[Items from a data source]

*-*-*

lemma finite_indep_subsets:
  assumes "matroid N indep"
  shows "finite {I. I \<subseteq> U \<and> indep I}"
  by (rule finite_subset[of _ "Pow N"])
     (use matroid_indep_subset[OF assms] matroid_finite[OF assms] in auto)

lemma card_le_mrank: "matroid N indep \<Longrightarrow> I \<subseteq> U \<Longrightarrow> indep I \<Longrightarrow> card I \<le> mrank indep U"
  unfolding mrank_def by (rule Max_ge) (auto intro: finite_indep_subsets)

lemma mrank_witness:
  assumes "matroid N indep"
  obtains I where "I \<subseteq> U" "indep I" "card I = mrank indep U"
proof -
  have "mrank indep U \<in> card ` {I. I \<subseteq> U \<and> indep I}"
    unfolding mrank_def using finite_indep_subsets[OF assms] matroid_indep_empty[OF assms]
    by (intro Max_in) auto
  then show ?thesis using that by auto
qed

lemma mrank_empty:
  assumes "matroid N indep"
  shows "mrank indep {} = 0"
proof -
  obtain I where "I \<subseteq> {}" "indep I" "card I = mrank indep {}" by (rule mrank_witness[OF assms])
  then show ?thesis by simp
qed

lemma mrank_mono:
  assumes M: "matroid N indep" and "A \<subseteq> B"
  shows "mrank indep A \<le> mrank indep B"
proof -
  obtain I where I: "I \<subseteq> A" "indep I" "card I = mrank indep A" by (rule mrank_witness[OF M])
  have "card I \<le> mrank indep B" using I(1) \<open>A \<subseteq> B\<close> by (intro card_le_mrank[OF M _ I(2)]) blast
  then show ?thesis using I(3) by simp
qed

lemma mrank_Un_le:
  assumes M: "matroid N indep" and "finite B"
  shows "mrank indep (A \<union> B) \<le> mrank indep A + card B"
proof -
  obtain I where I: "I \<subseteq> A \<union> B" "indep I" "card I = mrank indep (A \<union> B)"
    by (rule mrank_witness[OF M])
  have "I = (I \<inter> A) \<union> (I \<inter> B)" using I(1) by blast
  then have "card I = card ((I \<inter> A) \<union> (I \<inter> B))" by (rule arg_cong)
  then have "card I \<le> card (I \<inter> A) + card (I \<inter> B)"
    using card_Un_le[of "I \<inter> A" "I \<inter> B"] by linarith
  moreover have "card (I \<inter> A) \<le> mrank indep A"
    using card_le_mrank[OF M Int_lower2 matroid_indep_mono[OF M I(2) Int_lower1]] .
  moreover have "card (I \<inter> B) \<le> card B" using assms(2) by (simp add: card_mono)
  ultimately show ?thesis using I(3) by linarith
qed

lemma one_le_mrank_if_loopless:
  assumes M: "matroid N indep" and "loopless N indep" "e \<in> N" "e \<in> U"
  shows "1 \<le> mrank indep U"
proof -
  have "indep {e}" using assms(2,3) unfolding loopless_def by blast
  then show ?thesis using card_le_mrank[OF M, of "{e}" U] \<open>e \<in> U\<close> by simp
qed

lemma indep_extend_to_max:
  assumes M: "matroid N indep"
  shows "indep I \<Longrightarrow> I \<subseteq> U \<Longrightarrow> \<exists>J. I \<subseteq> J \<and> J \<subseteq> U \<and> indep J \<and> card J = mrank indep U"
proof (induction "mrank indep U - card I" arbitrary: I rule: less_induct)
  case less
  obtain K where K: "K \<subseteq> U" "indep K" "card K = mrank indep U" by (rule mrank_witness[OF M])
  show ?case
  proof (cases "card I < card K")
    case True
    then obtain e where e: "e \<in> K - I" "indep (insert e I)"
      using matroid_augment[OF M less.prems(1) K(2)] by blast
    have "card (insert e I) = Suc (card I)"
      using e(1) matroid_indep_finite[OF M less.prems(1)] by simp
    then have "mrank indep U - card (insert e I) < mrank indep U - card I"
      using True K(3) by linarith
    moreover have "insert e I \<subseteq> U" using e(1) K(1) less.prems(2) by blast
    ultimately have "\<exists>J. insert e I \<subseteq> J \<and> J \<subseteq> U \<and> indep J \<and> card J = mrank indep U"
      using e(2) by (intro less.hyps)
    then show ?thesis by (meson insert_subset)
  next
    case False
    then have "card I = mrank indep U" using card_le_mrank[OF M less.prems(2,1)] K(3) by linarith
    then show ?thesis using less.prems by (intro exI[of _ I]) simp
  qed
qed

text \<open>Extend a maximum independent subset of A \<inter> B to one J of A \<union> B and count J \<inter> A and J \<inter> B.\<close>
lemma mrank_submodular:
  assumes M: "matroid N indep"
  shows "mrank indep (A \<union> B) + mrank indep (A \<inter> B) \<le> mrank indep A + mrank indep B"
proof -
  obtain I where I: "I \<subseteq> A \<inter> B" "indep I" "card I = mrank indep (A \<inter> B)"
    by (rule mrank_witness[OF M])
  obtain J where J: "I \<subseteq> J" "J \<subseteq> A \<union> B" "indep J" "card J = mrank indep (A \<union> B)"
    using indep_extend_to_max[OF M I(2), of "A \<union> B"] I(1) by blast
  have fJ: "finite J" using matroid_indep_finite[OF M J(3)] .
  have "card (J \<inter> A) + card (J \<inter> B) = card ((J \<inter> A) \<union> (J \<inter> B)) + card ((J \<inter> A) \<inter> (J \<inter> B))"
    using fJ by (intro card_Un_Int) auto
  also have "(J \<inter> A) \<union> (J \<inter> B) = J" using J(2) by blast
  finally have eq: "card (J \<inter> A) + card (J \<inter> B) = card J + card (J \<inter> (A \<inter> B))"
    by (simp add: Int_ac)
  have "card I \<le> card (J \<inter> (A \<inter> B))" using I(1) J(1) fJ by (intro card_mono) auto
  moreover have "card (J \<inter> A) \<le> mrank indep A" "card (J \<inter> B) \<le> mrank indep B"
    using card_le_mrank[OF M Int_lower2 matroid_indep_mono[OF M J(3) Int_lower1]] by auto
  ultimately show ?thesis using eq I(3) J(4) by linarith
qed

section \<open>Densest sets and the rank-density curve\<close>

definition dens_value :: "('a set \<Rightarrow> bool) \<Rightarrow> real \<Rightarrow> 'a set \<Rightarrow> real" where
  "dens_value indep lam U = real (card U) - lam * real (mrank indep U)"

lemma mem_dens_maximizers_iff:
  "U \<in> dens_maximizers indep S lam \<longleftrightarrow>
     U \<subseteq> S \<and> (\<forall>V. V \<subseteq> S \<longrightarrow> dens_value indep lam V \<le> dens_value indep lam U)"
  unfolding dens_maximizers_def dens_value_def by simp

lemma dens_value_supermodular:
  assumes M: "matroid N indep" and "0 \<le> lam" "U \<subseteq> N" "V \<subseteq> N"
  shows "dens_value indep lam U + dens_value indep lam V
           \<le> dens_value indep lam (U \<union> V) + dens_value indep lam (U \<inter> V)"
proof -
  have "finite U" "finite V" using assms matroid_finite finite_subset by metis+
  then have "card (U \<union> V) + card (U \<inter> V) = card U + card V" by (rule card_Un_Int[symmetric])
  moreover have "lam * (real (mrank indep (U \<union> V)) + real (mrank indep (U \<inter> V)))
      \<le> lam * (real (mrank indep U) + real (mrank indep V))"
    using mrank_submodular[OF M, of U V] assms(2) by (intro mult_left_mono) linarith+
  ultimately show ?thesis unfolding dens_value_def by (simp add: algebra_simps)
qed

lemma dens_maximizers_Un:
  assumes M: "matroid N indep" and "0 \<le> lam"
    and "U \<in> dens_maximizers indep N lam" "V \<in> dens_maximizers indep N lam"
  shows "U \<union> V \<in> dens_maximizers indep N lam"
proof -
  have U: "U \<subseteq> N" "\<And>W. W \<subseteq> N \<Longrightarrow> dens_value indep lam W \<le> dens_value indep lam U"
    and V: "V \<subseteq> N" "\<And>W. W \<subseteq> N \<Longrightarrow> dens_value indep lam W \<le> dens_value indep lam V"
    using assms(3,4) unfolding mem_dens_maximizers_iff by auto
  have "dens_value indep lam (U \<inter> V) \<le> dens_value indep lam V" using V(2) U(1) by blast
  then have "dens_value indep lam U \<le> dens_value indep lam (U \<union> V)"
    using dens_value_supermodular[OF assms(1,2) U(1) V(1)] by linarith
  then have "dens_value indep lam W \<le> dens_value indep lam (U \<union> V)" if "W \<subseteq> N" for W
    using U(2)[OF that] by linarith
  then show ?thesis unfolding mem_dens_maximizers_iff using U(1) V(1) by blast
qed

lemma greatest_dens_maximizer:
  assumes M: "matroid N indep" and "0 \<le> lam"
  shows "\<exists>D\<in>dens_maximizers indep N lam. \<forall>V\<in>dens_maximizers indep N lam. V \<subseteq> D"
proof -
  let ?M = "dens_maximizers indep N lam"
  have fin: "finite ?M"
    by (rule finite_subset[of _ "Pow N"]) (auto simp: mem_dens_maximizers_iff matroid_finite[OF M])
  have ne: "?M \<noteq> {}"
  proof -
    let ?m = "Max (dens_value indep lam ` Pow N)"
    have fin: "finite (dens_value indep lam ` Pow N)" using matroid_finite[OF M] by simp
    have "?m \<in> dens_value indep lam ` Pow N" using fin by (intro Max_in) auto
    then obtain U where U: "U \<subseteq> N" "dens_value indep lam U = ?m" by auto
    have "dens_value indep lam V \<le> dens_value indep lam U" if "V \<subseteq> N" for V
      unfolding U(2) using fin that by (intro Max_ge) auto
    then have "U \<in> ?M" unfolding mem_dens_maximizers_iff using U(1) by blast
    then show ?thesis by blast
  qed
  have "\<Union>F \<in> ?M" if "finite F" "F \<noteq> {}" "F \<subseteq> ?M" for F
    using that
  proof (induction rule: finite_ne_induct)
    case (insert x F)
    then show ?case using dens_maximizers_Un[OF M assms(2), of x "\<Union>F"] by simp
  qed simp
  from this[OF fin ne order_refl] show ?thesis by (intro bexI[of _ "\<Union>?M"]) auto
qed

lemma densest_eq_greatest:
  assumes "D \<in> dens_maximizers indep N lam" "\<forall>V\<in>dens_maximizers indep N lam. V \<subseteq> D"
  shows "densest indep N lam = D"
  unfolding densest_def
proof (rule the_equality)
  show "D \<in> dens_maximizers indep N lam \<and> (\<forall>U\<in>dens_maximizers indep N lam. D \<subseteq> U \<longrightarrow> U = D)"
    using assms by blast
  fix D' assume "D' \<in> dens_maximizers indep N lam \<and> (\<forall>U\<in>dens_maximizers indep N lam. D' \<subseteq> U \<longrightarrow> U = D')"
  then show "D' = D" using assms by blast
qed

lemma densest_greatest:
  assumes "matroid N indep" "0 \<le> lam"
  shows "densest indep N lam \<in> dens_maximizers indep N lam"
    and "V \<in> dens_maximizers indep N lam \<Longrightarrow> V \<subseteq> densest indep N lam"
proof -
  obtain D where D: "D \<in> dens_maximizers indep N lam" "\<forall>V\<in>dens_maximizers indep N lam. V \<subseteq> D"
    using greatest_dens_maximizer[OF assms] by blast
  show "densest indep N lam \<in> dens_maximizers indep N lam"
    and "V \<in> dens_maximizers indep N lam \<Longrightarrow> V \<subseteq> densest indep N lam"
    using densest_eq_greatest[OF D] D by auto
qed

lemma densest_subset:
  assumes "matroid N indep" "0 \<le> lam"
  shows "densest indep N lam \<subseteq> N"
  using densest_greatest(1)[OF assms] unfolding mem_dens_maximizers_iff by blast

lemma dens_value_le_densest:
  assumes "matroid N indep" "0 \<le> lam" "V \<subseteq> N"
  shows "dens_value indep lam V \<le> dens_value indep lam (densest indep N lam)"
  using densest_greatest(1)[OF assms(1,2)] assms(3) unfolding mem_dens_maximizers_iff by blast

text \<open>Since D(\<lambda>') beats D(\<lambda>) \<inter> D(\<lambda>') at \<lambda>' \<ge> \<lambda>, it also beats it at \<lambda>; by supermodularity the union
  then beats D(\<lambda>) at \<lambda>, so it is a maximizer and hence contained in D(\<lambda>).\<close>
lemma densest_antimono:
  assumes M: "matroid N indep" and "0 \<le> lam" "lam \<le> lam'"
  shows "densest indep N lam' \<subseteq> densest indep N lam"
proof -
  let ?D = "densest indep N lam" and ?E = "densest indep N lam'"
  have "0 \<le> lam'" using assms by linarith
  have D: "?D \<subseteq> N" and E: "?E \<subseteq> N" using densest_subset[OF M] assms(2) \<open>0 \<le> lam'\<close> by auto
  have "dens_value indep lam' (?D \<inter> ?E) \<le> dens_value indep lam' ?E"
    using dens_value_le_densest[OF M \<open>0 \<le> lam'\<close>] E by blast
  moreover have "lam * (real (mrank indep ?E) - real (mrank indep (?D \<inter> ?E)))
      \<le> lam' * (real (mrank indep ?E) - real (mrank indep (?D \<inter> ?E)))"
    using assms(3) mrank_mono[OF M, of "?D \<inter> ?E" ?E] by (intro mult_right_mono) auto
  ultimately have "dens_value indep lam (?D \<inter> ?E) \<le> dens_value indep lam ?E"
    unfolding dens_value_def by (simp add: algebra_simps)
  then have "dens_value indep lam ?D \<le> dens_value indep lam (?D \<union> ?E)"
    using dens_value_supermodular[OF M assms(2) D E] by linarith
  then have "dens_value indep lam W \<le> dens_value indep lam (?D \<union> ?E)" if "W \<subseteq> N" for W
    using dens_value_le_densest[OF M assms(2) that] by linarith
  then have "?D \<union> ?E \<in> dens_maximizers indep N lam"
    unfolding mem_dens_maximizers_iff using D E by blast
  then show ?thesis using densest_greatest(2)[OF M assms(2)] by blast
qed

text \<open>For \<lambda> \<le> 1 adding elements never decreases |U| - \<lambda> r(U), since the rank grows by at most
  the number of added elements.\<close>
lemma densest_eq_ground:
  assumes M: "matroid N indep" and "0 \<le> lam" "lam \<le> 1"
  shows "densest indep N lam = N"
proof -
  have "dens_value indep lam V \<le> dens_value indep lam N" if "V \<subseteq> N" for V
  proof -
    have fin: "finite N" "finite (N - V)" using matroid_finite[OF M] by auto
    have "mrank indep N \<le> mrank indep V + card (N - V)"
      using mrank_Un_le[OF M fin(2), of V] that by (simp add: Un_absorb1)
    moreover have "card (N - V) = card N - card V" "card V \<le> card N"
      using that fin by (auto simp: card_Diff_subset finite_subset card_mono)
    moreover have "mrank indep V \<le> mrank indep N" using mrank_mono[OF M that] .
    moreover have "lam * (real (mrank indep N) - real (mrank indep V))
        \<le> 1 * (real (mrank indep N) - real (mrank indep V))"
      using assms(3) \<open>mrank indep V \<le> mrank indep N\<close> by (intro mult_right_mono) auto
    ultimately show ?thesis unfolding dens_value_def by (simp add: algebra_simps)
  qed
  then have "N \<in> dens_maximizers indep N lam" unfolding mem_dens_maximizers_iff by blast
  then show ?thesis
    using densest_greatest(2)[OF M assms(2)] densest_subset[OF M assms(2)] by blast
qed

*-*-*

About this exercise: Please give back the records exactly as written, beginning at the first line and including the line that holds "(rule mrank_witness[OF assms])" as the last.

Answer to this exercise:
lemma finite_indep_subsets:
  assumes "matroid N indep"
  shows "finite {I. I \<subseteq> U \<and> indep I}"
  by (rule finite_subset[of _ "Pow N"])
     (use matroid_indep_subset[OF assms] matroid_finite[OF assms] in auto)

lemma card_le_mrank: "matroid N indep \<Longrightarrow> I \<subseteq> U \<Longrightarrow> indep I \<Longrightarrow> card I \<le> mrank indep U"
  unfolding mrank_def by (rule Max_ge) (auto intro: finite_indep_subsets)

lemma mrank_witness:
  assumes "matroid N indep"
  obtains I where "I \<subseteq> U" "indep I" "card I = mrank indep U"
proof -
  have "mrank indep U \<in> card ` {I. I \<subseteq> U \<and> indep I}"
    unfolding mrank_def using finite_indep_subsets[OF assms] matroid_indep_empty[OF assms]
    by (intro Max_in) auto
  then show ?thesis using that by auto
qed

lemma mrank_empty:
  assumes "matroid N indep"
  shows "mrank indep {} = 0"
proof -
  obtain I where "I \<subseteq> {}" "indep I" "card I = mrank indep {}" by (rule mrank_witness[OF assms])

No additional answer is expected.